Data for this exercise below:

(* Let $N=2n+1$ and $1\le k\le n$. The map $R:\mathcal F(2k-1,N)\to\mathcal F(2k+1,N)$ is surjective, and for every $\tau\in\mathcal F(2k+1,N)$, $$\big|\{\tilde\tau\in\mathcal F(2k-1,N): R(\tilde\tau)=\tau\}\big|=(n+k+1)\,k\,(2k-1).$$
   Context: Graphs are finite and undirected. A binary tree is either a single vertex (its root) or a tree in which exactly one vertex, the root, has degree $2$ and every other vertex has degree $3$ or $1$ (leaves). The height of a vertex is its graph distance to the root; a non-leaf vertex $v$ has exactly two neighbours of larger height (its children), and the two edges from $v$ to its children are its outgoing edges. A binary forest on $V=\{1,\dots,N\}$ is a graph on $V$ whose connected components are binary trees; internal vertices are the non-leaves of the components of size $\ge3$ (vertices of degree $>1$). A binary forest with $m$ components has $(N-m)/2$ internal vertices. A labeling is a bijection from the set of internal vertices to $\{1,\dots,(N-m)/2\}$; $\mathcal F(m,N)$ is the set of binary forests on $V$ with $m$ components together with a labeling. The map $R$ sends $\tau\in\mathcal F(2k-1,N)$ to the labeled forest obtained by selecting the internal vertex with the highest label, deleting both its outgoing edges and removing its label. *)

theory Defs
  imports Main
begin

definition verts :: "nat \<Rightarrow> nat set" where
  "verts N = {1..N}"

definition is_graph :: "nat \<Rightarrow> nat set set \<Rightarrow> bool" where
  "is_graph N E \<longleftrightarrow> E \<subseteq> {{u, v} | u v. u \<in> verts N \<and> v \<in> verts N \<and> u \<noteq> v}"

definition adj :: "nat set set \<Rightarrow> (nat \<times> nat) set" where
  "adj E = {(u, v). {u, v} \<in> E \<and> u \<noteq> v}"

definition deg :: "nat set set \<Rightarrow> nat \<Rightarrow> nat" where
  "deg E v = card {e \<in> E. v \<in> e}"

definition comp :: "nat \<Rightarrow> nat set set \<Rightarrow> nat \<Rightarrow> nat set" where
  "comp N E u = {w \<in> verts N. (u, w) \<in> (adj E)\<^sup>*}"

definition components :: "nat \<Rightarrow> nat set set \<Rightarrow> nat set set" where
  "components N E = comp N E ` verts N"

definition tree_comp :: "nat set set \<Rightarrow> nat set \<Rightarrow> bool" where
  "tree_comp E C \<longleftrightarrow> card {e \<in> E. e \<subseteq> C} = card C - 1"

definition binary_tree_comp :: "nat set set \<Rightarrow> nat set \<Rightarrow> bool" where
  "binary_tree_comp E C \<longleftrightarrow> tree_comp E C \<and>
     (card C = 1 \<or>
      ((\<exists>!r. r \<in> C \<and> deg E r = 2) \<and>
       (\<forall>u \<in> C. deg E u \<noteq> 2 \<longrightarrow> deg E u = 3 \<or> deg E u = 1)))"

definition binary_forest :: "nat \<Rightarrow> nat \<Rightarrow> nat set set \<Rightarrow> bool" where
  "binary_forest N m E \<longleftrightarrow> is_graph N E \<and>
     (\<forall>C \<in> components N E. binary_tree_comp E C) \<and> card (components N E) = m"

definition internal :: "nat \<Rightarrow> nat set set \<Rightarrow> nat set" where
  "internal N E = {v \<in> verts N. 1 < deg E v}"

text \<open>Labeled binary forests F(m,N): the labeling is a bijection from the internal vertices
  onto {1..(N-m)/2}, extended by 0 outside the internal vertices (so that equality of
  labeled forests is equality of pairs).\<close>
definition labeled_forests :: "nat \<Rightarrow> nat \<Rightarrow> (nat set set \<times> (nat \<Rightarrow> nat)) set" where
  "labeled_forests m N = {(E, lab). binary_forest N m E \<and>
      bij_betw lab (internal N E) {1..(N - m) div 2} \<and>
      (\<forall>v. v \<notin> internal N E \<longrightarrow> lab v = 0)}"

End of Data for this exercise.

▶ **What the task requires**
In the lines above, spot each one that contains the word "noteq" and copy it.

▶ **Response**
  "is_graph N E \<longleftrightarrow> E \<subseteq> {{u, v} | u v. u \<in> verts N \<and> v \<in> verts N \<and> u \<noteq> v}"
  "adj E = {(u, v). {u, v} \<in> E \<and> u \<noteq> v}"
       (\<forall>u \<in> C. deg E u \<noteq> 2 \<longrightarrow> deg E u = 3 \<or> deg E u = 1)))"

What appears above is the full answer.